Кинув на меня удивлённый и немного раздражённый взгляд, он на несколько минут ушёл в себя, низко склонив голову. Мне показалось, он сейчас заплачет, и я мгновенно пожалел о том, что вообще решился завести этот разговор. Ни к чему мне это знать, ведь что было, то прошло. Разве нет? Но я же дотошный придурок, которому всё всегда надо знать.

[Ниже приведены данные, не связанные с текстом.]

lemma global_index_inverse:
  assumes "k \<ge> 1" "a \<in> {1..n}"
  shows "block_of n (global_index n k a) = k" "offset_in_block n (global_index n k a) = a"
proof -
  have index: "global_index n k a - 1 = (a - 1) + (k - 1) * n" and "a - 1 < n"
    using assms unfolding global_index_def by auto
  then have quotient: "((a - 1) + (k - 1) * n) div n = k - 1"
    and remainder: "((a - 1) + (k - 1) * n) mod n = a - 1"
    by simp_all
  show "block_of n (global_index n k a) = k" "offset_in_block n (global_index n k a) = a"
    unfolding block_of_def offset_in_block_def index quotient remainder using assms by auto
qed

lemma global_index_in_range:
  assumes "k \<in> {1..n}" "a \<in> {1..n}"
  shows "global_index n k a \<in> {1..n^2}"
proof -
  have "(k - 1) * n + a \<le> (n - 1) * n + n"
    using assms by (intro add_mono mult_le_mono1) auto
  also have "\<dots> = n^2" using assms by (cases n) (auto simp: power2_eq_square)
  finally show ?thesis using assms unfolding global_index_def by auto
qed

lemma block_of_in_range:
  assumes "i \<in> {1..n^2}"
  shows "block_of n i \<in> {1..n}" "offset_in_block n i \<in> {1..n}"
proof -
  have "n > 0" "i - 1 < n * n" using assms by (auto simp: power2_eq_square intro: Nat.gr0I)
  then have "(i - 1) div n < n" "(i - 1) mod n < n" by (simp_all add: div_less_iff_less_mult)
  with \<open>n > 0\<close> show "block_of n i \<in> {1..n}" "offset_in_block n i \<in> {1..n}"
    unfolding block_of_def offset_in_block_def by (auto simp: Suc_le_eq)
qed

lemma global_index_bij:
  "bij_betw (\<lambda>(k, a). global_index n k a) ({1..n} \<times> {1..n}) {1..n^2}"
proof (rule bij_betw_byWitness[where f' = "\<lambda>i. (block_of n i, offset_in_block n i)"])
  show "\<forall>i\<in>{1..n^2}. (case (block_of n i, offset_in_block n i) of (k, a) \<Rightarrow> global_index n k a) = i"
    unfolding block_of_def offset_in_block_def global_index_def by (simp add: add.commute)
qed (use global_index_inverse global_index_in_range block_of_in_range in fastforce)+

lemma ball_global_index_transfer:
  assumes "\<And>k a. k \<in> {1..n} \<Longrightarrow> a \<in> {1..n} \<Longrightarrow> P (global_index n k a) \<longleftrightarrow> Q k a"
  shows "(\<forall>i\<in>{1..n^2}. P i) \<longleftrightarrow> (\<forall>k\<in>{1..n}. \<forall>a\<in>{1..n}. Q k a)"
proof -
  have "(\<forall>i\<in>{1..n^2}. P i) \<longleftrightarrow> (\<forall>p\<in>{1..n} \<times> {1..n}. Q (fst p) (snd p))"
    using assms by (intro bij_betw_ball_transfer[OF global_index_bij]) auto
  then show ?thesis by (simp add: split_paired_Ball_Sigma)
qed
lemma disjoint_family_on_index_eq:
  "disjoint_family_on Q S \<Longrightarrow> i \<in> S \<Longrightarrow> j \<in> S \<Longrightarrow> x \<in> Q i \<Longrightarrow> x \<in> Q j \<Longrightarrow> i = j"
  unfolding disjoint_family_on_def by blast

lemma the_index_disjoint_family:
  assumes "disjoint_family G" "x \<in> G p"
  shows "(THE q. x \<in> G q) = p"
  using assms by (auto simp: disjoint_family_on_def)

lemma sq_le_Fin2_restr_ideal:
  assumes I: "is_ideal I" and Y: "Y \<subseteq> \<Union>I" and \<gamma>: "bij_betw \<gamma> UNIV Y"
    and image_in_ideal: "\<And>A. A \<in> Fin2 \<Longrightarrow> \<gamma> ` A \<in> I"
  shows "sq_le Fin2 (restr_ideal I Y)"
  unfolding sq_le_def Union_Fin2 Union_restr_ideal[OF I Y]
proof (intro exI conjI ballI)
  show "bij_betw (inv_into UNIV \<gamma>) Y UNIV"
    using bij_betw_inv_into[OF \<gamma>] .
  fix A assume "A \<in> Fin2"
  have "{y \<in> Y. inv_into UNIV \<gamma> y \<in> A} = \<gamma> ` A"
    using \<gamma> by (auto simp: bij_betw_def bij_betw_inv_into_right inv_into_f_f)
  moreover have "\<gamma> ` A = \<gamma> ` A \<inter> Y"
    using \<gamma> by (auto simp: bij_betw_def)
  ultimately show "{y \<in> Y. inv_into UNIV \<gamma> y \<in> A} \<in> restr_ideal I Y"
    using image_in_ideal[OF \<open>A \<in> Fin2\<close>] unfolding restr_ideal_def by auto
qed

lemma enumerate_disjoint_family:
  fixes Q :: "nat \<Rightarrow> 'a set"
  assumes Q: "disjoint_family Q" "\<And>j. countable (Q j)" "\<And>j. infinite (Q j)"
  obtains \<gamma> :: "nat \<times> nat \<Rightarrow> 'a" where "bij_betw \<gamma> UNIV (\<Union>j. Q j)" and "\<And>j m. \<gamma> (j, m) \<in> Q j"
proof -
  define \<gamma> where "\<gamma> = (\<lambda>(j, m). from_nat_into (Q j) m)"
  have column: "\<gamma> (j, m) \<in> Q j" for j m
    unfolding \<gamma>_def using Q(3) by (simp add: from_nat_into infinite_imp_nonempty)
  have "inj \<gamma>"
  proof (rule injI)
    fix p q assume eq: "\<gamma> p = \<gamma> q"
    obtain j m j' m' where p: "p = (j, m)" and q: "q = (j', m')" by fastforce
    have "j = j'"
      using disjoint_family_on_index_eq[OF Q(1) UNIV_I UNIV_I column[of j m]] column[of j' m'] eq
      unfolding p q by simp
    then show "p = q" using eq Q unfolding p q \<gamma>_def by simp
  qed
  moreover have "range \<gamma> = (\<Union>j. Q j)"
  proof -
    have "range \<gamma> = (\<Union>j. range (from_nat_into (Q j)))" unfolding \<gamma>_def by auto
    also have "\<dots> = (\<Union>j. Q j)" using Q by (simp add: infinite_imp_nonempty)
    finally show ?thesis .
  qed
  ultimately show ?thesis using column by (intro that[of \<gamma>]) (simp_all add: bij_betw_def)
qed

- Я сам им рассказал, - начал он полушёпотом, глянув на меня исподлобья, и, наткнувшись на недоумённый взгляд, хмыкнул безрадостно и горько. – Да-да, я сам вырыл себе могилу. Как бы тебе сказать… С тех пор, как осознал свою ориентацию, я вёл весьма разгульный образ жизни. До этого я всегда прилежно учился, был едва ли не отличником. А в десятом классе вдруг, неожиданно для всех, забил на учёбу, стал часто прогуливать. Я находил всякие компании – кто старше, кто младше – людей с нетрадиционной ориентацией и шатался с ними везде и всюду, по всяким впискам и клубам. Иногда меня даже пускали, когда везло. Мне тогда конкретно крышу сорвало, я решил опробовать все грани того, что мне открылось. Пробовал по-всякому: и сверху, и снизу, и с ровесниками, и с мужчинами постарше. Не то чтобы я спал со всеми подряд, хотя так оно, наверное, и звучит. Но я не был особо разборчив в связях в свои-то шестнадцать. Потом в школе забеспокоились, позвонили родителям, доложили о моём плохом поведении. Отец закатил скандал с разборками. А я как раз под утро домой вернулся, не то обкуренный, не то пьяный, не помню. В общем, расхрабрившись, я им всё выложил. Такой дурак был. Не знаю, чего я тогда вообще ожидал. Что меня по головке погладят? И отец, недолго думая, вышвырнул меня, а мать не особо ему препятствовала. Такие дела, - под конец рассказа он немного растерянно пожал плечами, не глядя на меня, нарочно отвернувшись в сторону. Казалось, ему было стыдно. Но за что?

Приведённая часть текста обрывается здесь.